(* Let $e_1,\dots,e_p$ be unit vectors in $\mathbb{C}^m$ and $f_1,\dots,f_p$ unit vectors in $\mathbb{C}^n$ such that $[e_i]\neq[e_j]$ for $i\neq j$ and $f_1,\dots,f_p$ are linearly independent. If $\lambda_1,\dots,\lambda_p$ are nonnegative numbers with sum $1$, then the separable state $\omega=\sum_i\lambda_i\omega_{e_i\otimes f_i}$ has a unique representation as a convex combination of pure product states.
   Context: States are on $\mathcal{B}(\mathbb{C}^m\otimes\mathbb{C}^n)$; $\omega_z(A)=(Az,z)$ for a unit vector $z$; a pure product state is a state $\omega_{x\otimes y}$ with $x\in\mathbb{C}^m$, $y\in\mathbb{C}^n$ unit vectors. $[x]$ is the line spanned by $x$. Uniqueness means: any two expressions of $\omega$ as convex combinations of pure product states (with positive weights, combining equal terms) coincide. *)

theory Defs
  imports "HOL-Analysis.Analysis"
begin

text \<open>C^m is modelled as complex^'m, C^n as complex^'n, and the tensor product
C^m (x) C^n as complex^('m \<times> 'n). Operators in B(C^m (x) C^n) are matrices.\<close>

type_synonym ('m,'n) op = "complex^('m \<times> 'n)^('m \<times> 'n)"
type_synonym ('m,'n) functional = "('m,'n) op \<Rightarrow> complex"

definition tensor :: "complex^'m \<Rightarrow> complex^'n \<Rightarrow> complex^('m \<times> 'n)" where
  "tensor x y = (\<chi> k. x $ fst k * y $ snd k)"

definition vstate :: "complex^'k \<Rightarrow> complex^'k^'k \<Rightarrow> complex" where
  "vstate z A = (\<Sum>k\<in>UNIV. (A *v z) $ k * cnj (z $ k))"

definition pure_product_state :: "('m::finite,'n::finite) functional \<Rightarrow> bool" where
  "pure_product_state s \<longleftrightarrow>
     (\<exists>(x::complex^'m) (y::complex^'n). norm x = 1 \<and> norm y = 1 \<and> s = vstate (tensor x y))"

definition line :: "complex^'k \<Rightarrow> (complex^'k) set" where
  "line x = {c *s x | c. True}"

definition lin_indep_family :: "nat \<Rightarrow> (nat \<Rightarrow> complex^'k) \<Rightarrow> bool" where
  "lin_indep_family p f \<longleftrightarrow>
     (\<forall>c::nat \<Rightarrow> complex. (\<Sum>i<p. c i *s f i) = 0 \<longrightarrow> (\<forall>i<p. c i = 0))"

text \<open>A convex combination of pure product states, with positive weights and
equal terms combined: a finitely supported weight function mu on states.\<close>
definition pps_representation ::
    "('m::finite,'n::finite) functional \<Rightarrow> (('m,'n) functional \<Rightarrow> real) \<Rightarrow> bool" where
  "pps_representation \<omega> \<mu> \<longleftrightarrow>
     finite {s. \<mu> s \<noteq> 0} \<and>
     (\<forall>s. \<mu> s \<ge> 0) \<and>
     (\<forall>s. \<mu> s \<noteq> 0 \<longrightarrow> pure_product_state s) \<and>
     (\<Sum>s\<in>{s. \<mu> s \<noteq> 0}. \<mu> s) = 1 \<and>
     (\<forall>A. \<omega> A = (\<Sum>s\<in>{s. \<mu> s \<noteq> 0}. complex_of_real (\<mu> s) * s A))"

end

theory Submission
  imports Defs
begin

### Task to complete
State, as a bare number, how many lines of the material include the string "imports".

### Exercise response
2